Гриша, насколько умел, описал Хованскому одежду человека, который привел его к дому князя

— Так это монах Досифей и посылает его ко мне, тогда как у него хранится… — воскликнул в удивлении князь и вслед затем погрузился в раздумье, которое было прервано приходом его супруги, высокой, стройной, красивой молодой женщины.

Княгиня была одета в сарафан малинового цвета, обложенный золотым галуном и мерлушкою. На белой, как мрамор шее ее, надето было жемчужное ожерелье, а на голове парчовый повойник. Войдя, княгиня низко поклонилась мужу, по обычаю того времени и, с покорностью в голосе, сказала:

— Ты звал меня, князь, что прикажешь? Хованский поднял голову и, с некоторым смущением, приветливо сказал:

— Здравствуй, княгиня! Сегодня Бог благословил нас находкою. С этою грамоткою от преосвященного Досифея прислан к нам вот этот мальчуган. Прочитай, душенька, ты ведь у меня грамотейка.

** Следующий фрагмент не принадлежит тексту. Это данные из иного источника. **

(* Let $S$ be an additively reduced and additively Furstenberg semidomain and let $G$ be a torsion-free abelian group, totally ordered compatibly with addition, in which every subset that is bounded below is well-ordered. The following statements are equivalent. (1) $\mathscr{A}_+(S)=S^\times$. (2) Every $f\in S[\![G]\!]$ with $|\operatorname{supp}(f)|>1$ can be expressed as the sum of at most three irreducible elements of $S[\![G]\!]$. (3) There exists $n\in\mathbb{N}$ with $n>2$ such that every $f\in S[\![G]\!]$ with $|\operatorname{supp}(f)|>1$ can be expressed as the sum of at most $n$ irreducible elements of $S[\![G]\!]$.
   Context: A semidomain is a subsemiring (containing $0$ and $1$) of an integral domain; all semirings are commutative. For a semidomain $S$, $S^\times$ denotes the group of units of the multiplicative monoid $S\setminus\{0\}$. $S$ is additively reduced if $0$ is the only invertible element of $(S,+)$. An additive atom of $S$ is a nonzero $a\in S$ such that $a=b+c$ with $b,c\in S$ implies $b=0$ or $c=0$; $\mathscr{A}_+(S)$ is the set of additive atoms. $S$ is additively Furstenberg if every nonzero $s\in S$ can be written $s=a+t$ with $a\in\mathscr{A}_+(S)$, $t\in S$. For a torsion-free abelian group $G$ with a fixed total order compatible with addition, the group series semidomain is $S[\![G]\!]=\{\sum_{i=0}^\infty s_ix^{g_i} : s_i\in S,\ g_i\in G,\ g_i<g_{i+1}\text{ for all } i\}$, with addition and multiplication defined as for (formal) polynomials; elements are written with the convention that $s_i=0$ implies $s_{i+1}=0$. The support of $f=\sum s_ix^{g_i}$ is $\operatorname{supp}(f)=\{g_i : s_i\neq0\}$. An element $f$ is irreducible if it is nonzero, not a unit of $S[\![G]\!]$, and $f=pq$ with $p,q\in S[\![G]\!]$ implies one of $p,q$ is a unit. *)

theory Defs
  imports Main
begin
(* If $I\subseteq\Bbbk[x_0,\dots,x_n]$ is a saturated Borel ideal and $I'$ is any expansion of $I$, then $P_{I'}=1+P_I$.
   Context: $\Bbbk$ is an algebraically closed field; $P_J$ denotes the Hilbert polynomial of $\Bbbk[x_0,\dots,x_n]/J$. A monomial ideal $I$ is Borel if for every monomial $m\in I$, every $x_j\mid m$ and every $i<j$, $mx_i/x_j\in I$; it is saturated if $(I:\langle x_0,\dots,x_n\rangle^\infty)=I$. For a monomial $g$, $\max g$ is the largest $j$ with $x_j\mid g$. A minimal monomial generator $g$ of a saturated Borel ideal $I$ is expandable if the set $\{gx_{i+1}/x_i: x_i\mid g,\ 0\le i<n-1\}$ contains no minimal monomial generator of $I$; the expansion of $I$ at $g$ is the ideal $I'$ generated by all monomials of $I$ not divisible by $g$ together with the monomials $gx_j$ for $\max g\le j\le n-1$. (The generator $1$ of the unit ideal is vacuously expandable, with expansion $\langle x_0,\dots,x_{n-1}\rangle$.) *)

theory Defs
  imports Main "HOL-Computational_Algebra.Polynomial"
begin

text \<open>Monomials of k[x_0,...,x_n] are exponent vectors a :: nat => nat with a i = 0 for i > n.
  Monomial ideals are represented by their sets of monomials.\<close>

definition monomials :: "nat \<Rightarrow> (nat \<Rightarrow> nat) set" where
  "monomials n = {a. \<forall>i>n. a i = 0}"

definition mdeg :: "nat \<Rightarrow> (nat \<Rightarrow> nat) \<Rightarrow> nat" where
  "mdeg n a = (\<Sum>i\<le>n. a i)"

definition var :: "nat \<Rightarrow> (nat \<Rightarrow> nat)" where
  "var i = (\<lambda>j. if j = i then 1 else 0)"

definition mdvd :: "(nat \<Rightarrow> nat) \<Rightarrow> (nat \<Rightarrow> nat) \<Rightarrow> bool" where
  "mdvd a b \<longleftrightarrow> (\<forall>i. a i \<le> b i)"

definition monomial_ideal :: "nat \<Rightarrow> (nat \<Rightarrow> nat) set \<Rightarrow> bool" where
  "monomial_ideal n I \<longleftrightarrow> I \<subseteq> monomials n \<and>
     (\<forall>a\<in>I. \<forall>b\<in>monomials n. (\<lambda>i. a i + b i) \<in> I)"

definition mgen :: "nat \<Rightarrow> (nat \<Rightarrow> nat) set \<Rightarrow> (nat \<Rightarrow> nat) set" where
  "mgen n S = {a \<in> monomials n. \<exists>s\<in>S. mdvd s a}"

definition min_gens :: "(nat \<Rightarrow> nat) set \<Rightarrow> (nat \<Rightarrow> nat) set" where
  "min_gens I = {g \<in> I. \<forall>h\<in>I. mdvd h g \<longrightarrow> h = g}"
(* The functions $G_1(\zeta)=\sum_{n=0}^\infty A_n\zeta^{4+n}$ and $G_2(\zeta)=\sum_{n=0}^\infty B_n\zeta^{n-3}$ are two linearly independent solutions on the circle $\{|\zeta|=r\}$ of $G''+12Y_0G=0$, where $Y_0(\zeta)=-\zeta^{-2}+\zeta^2P(\zeta)$, and their Wronskian is $G_1G_2'-G_2G_1'=-7$.
   Context: $r=\tfrac{7}{10}$, $x_0=-\tfrac{770766}{323285}$; $a_0=-x_0/10$, $a_1=-1/6$, $a_2=\tfrac{19949}{321055}$, $a_3=0$, $a_n=-\tfrac{6}{(n+5)(n-2)}\sum_{k=0}^{n-4}a_ka_{n-4-k}$ for $4\le n\le17$, and $P(\zeta)=\sum_{n=0}^{17}a_n\zeta^n$. $A_0=1$, $A_1=A_2=A_3=0$, $A_n=-\tfrac{12}{n(n+7)}\sum_{k=0}^{\min\{n-4,17\}}a_kA_{n-4-k}$ ($n\ge4$); $B_0=1$, $B_1=B_2=B_3=B_7=0$, $B_n=-\tfrac{12}{n(n-7)}\sum_{k=0}^{\min\{n-4,17\}}a_kB_{n-4-k}$ ($n\ge4$, $n\neq7$). *)

theory Defs
  imports "HOL-Analysis.Analysis"
begin

definition r6 :: real where "r6 = 7/10"

definition x0 :: real where "x0 = - 770766 / 323285"

text \<open>Coefficients a_n for n \<le> 17 as in the paper; set to 0 for n > 17 (never used there).\<close>
fun acoef :: "nat \<Rightarrow> real" where
  "acoef n =
     (if n = 0 then - x0 / 10
      else if n = 1 then - 1 / 6
      else if n = 2 then 19949 / 321055
      else if n = 3 then 0
      else if n \<le> 17 then
        - 6 / ((real n + 5) * (real n - 2)) * (\<Sum>k = 0..n - 4. acoef k * acoef (n - 4 - k))
      else 0)"

definition Ppoly :: "complex \<Rightarrow> complex" where
  "Ppoly z = (\<Sum>n = 0..17. complex_of_real (acoef n) * z ^ n)"

fun Acoef :: "nat \<Rightarrow> real" where
  "Acoef n =
     (if n = 0 then 1
      else if n < 4 then 0
      else - 12 / (real n * (real n + 7)) *
             (\<Sum>k = 0..min (n - 4) 17. acoef k * Acoef (n - 4 - k)))"

fun Bcoef :: "nat \<Rightarrow> real" where
  "Bcoef n =
     (if n = 0 then 1
      else if n < 4 \<or> n = 7 then 0
      else - 12 / (real n * (real n - 7)) *
             (\<Sum>k = 0..min (n - 4) 17. acoef k * Bcoef (n - 4 - k)))"

definition Y0 :: "complex \<Rightarrow> complex" where
  "Y0 z = - 1 / z ^ 2 + z ^ 2 * Ppoly z"

definition G1 :: "complex \<Rightarrow> complex" where
  "G1 z = (\<Sum>n. complex_of_real (Acoef n) * z ^ (4 + n))"

definition G2 :: "complex \<Rightarrow> complex" where
  "G2 z = (\<Sum>n. complex_of_real (Bcoef n) * z powi (int n - 3))"

end

theory Submission
  imports Defs "HOL-Complex_Analysis.Complex_Analysis"
begin
(* Multiplying the commutator formula by (x1 - x2)^k turns each coefficient into a k-th
   finite difference. The delta-function terms with r < k die because the k-th difference
   of the polynomial i -> (x + i) gchoose r of degree r < k vanishes, and those with r >= R
   are already 0 modulo h^n, since c^(r) -> 0. The f-term becomes the expansion of x^k f(x)
   at x = x1 - x2; once k exceeds the pole order of f modulo h^n this is a power series,
   and for power series the two expansions f(x1 - x2) and f(-x2 + x1) agree (the binomial
   symmetry (N choose b) = (N choose a) for a + b = N). The formula for Y(u,x)^- v is the
   coefficient of x1^(-r-1) x2^0 of the commutator formula applied to the vacuum: by the
   creation property the beta-term and every summand of the delta-sum except the r-th
   vanish, and g(x2 - x1) has no negative powers of x1. *)

lemma sum_alternating_binomial_Suc:
  fixes F :: "nat \<Rightarrow> 'a::comm_ring_1"
  shows "(\<Sum>i\<le>Suc k. of_nat (Suc k choose i) * (-1) ^ (Suc k - i) * F i)
       = (\<Sum>i\<le>k. of_nat (k choose i) * (-1) ^ (k - i) * (F (Suc i) - F i))"
proof -
  have shifted: "(\<Sum>i\<le>k. of_nat (k choose Suc i) * (-1) ^ (k - i) * F (Suc i))
      = - (\<Sum>i\<le>k. of_nat (k choose i) * (-1) ^ (k - i) * F i) + (-1) ^ k * F 0"
  proof (cases k)
    case (Suc m)
    have "(\<Sum>i\<le>k. of_nat (k choose i) * (-1) ^ (k - i) * F i)
        = (-1) ^ k * F 0 + (\<Sum>i\<le>m. of_nat (k choose Suc i) * (-1) ^ (k - Suc i) * F (Suc i))"
      unfolding Suc sum.atMost_Suc_shift by simp
    also have "(\<Sum>i\<le>m. of_nat (k choose Suc i) * (-1) ^ (k - Suc i) * F (Suc i))
        = - (\<Sum>i\<le>k. of_nat (k choose Suc i) * (-1) ^ (k - i) * F (Suc i))"
      unfolding Suc by (simp add: sum.atMost_Suc sum_negf[symmetric] Suc_diff_le binomial_eq_0)
    finally show ?thesis by simp
  qed simp
  have "(\<Sum>i\<le>Suc k. of_nat (Suc k choose i) * (-1) ^ (Suc k - i) * F i)
      = - ((-1) ^ k * F 0) + (\<Sum>i\<le>k. of_nat (k choose i) * (-1) ^ (k - i) * F (Suc i))
        + (\<Sum>i\<le>k. of_nat (k choose Suc i) * (-1) ^ (k - i) * F (Suc i))"
    unfolding sum.atMost_Suc_shift by (simp add: distrib_right sum.distrib)
  then show ?thesis
    using shifted by (simp add: right_diff_distrib sum_subtractf)
qed

lemma sum_alternating_binomial_gchoose:
  fixes x :: "'a::field_char_0"
  assumes "r < k"
  shows "(\<Sum>i\<le>k. of_nat (k choose i) * (-1) ^ (k - i) * ((x + of_nat i) gchoose r)) = 0"
  using assms
proof (induction k arbitrary: r)
  case (Suc k)
  show ?case
  proof (cases r)
    case 0
    then show ?thesis
      unfolding sum_alternating_binomial_Suc by simp
  next
    case (Suc s)
    have "((x + of_nat (Suc i)) gchoose r) - ((x + of_nat i) gchoose r) = (x + of_nat i) gchoose s"
      for i
      using gbinomial_Suc_Suc[of "x + of_nat i" s] by (simp add: Suc add_ac)
    then have "(\<Sum>i\<le>Suc k. of_nat (Suc k choose i) * (-1) ^ (Suc k - i) * ((x + of_nat i) gchoose r))
        = (\<Sum>i\<le>k. of_nat (k choose i) * (-1) ^ (k - i) * ((x + of_nat i) gchoose s))"
      unfolding sum_alternating_binomial_Suc by simp
    also have "\<dots> = 0"
      using Suc.IH Suc.prems Suc by simp
    finally show ?thesis .
  qed
qed simp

Княгиня, взяв из рук мужа бумагу, приблизилась к свече и прочитала вслух следующее:

«Блаженни презирали на нища и убога, сказал Спаситель мира. Сирота, порученный мне человеком, имя которого уже не существует на земле, явится к тебе, князь, сею моею грамотою. Его зовут Григорием. Он крещен в нашей православной вере; от роду ему три с половиною года. Прими его, обласкай, воспитай. Господь воздаст тебе за сие сторицею. Буди здрав. Мы же все тебе кланяемся.

Досифей».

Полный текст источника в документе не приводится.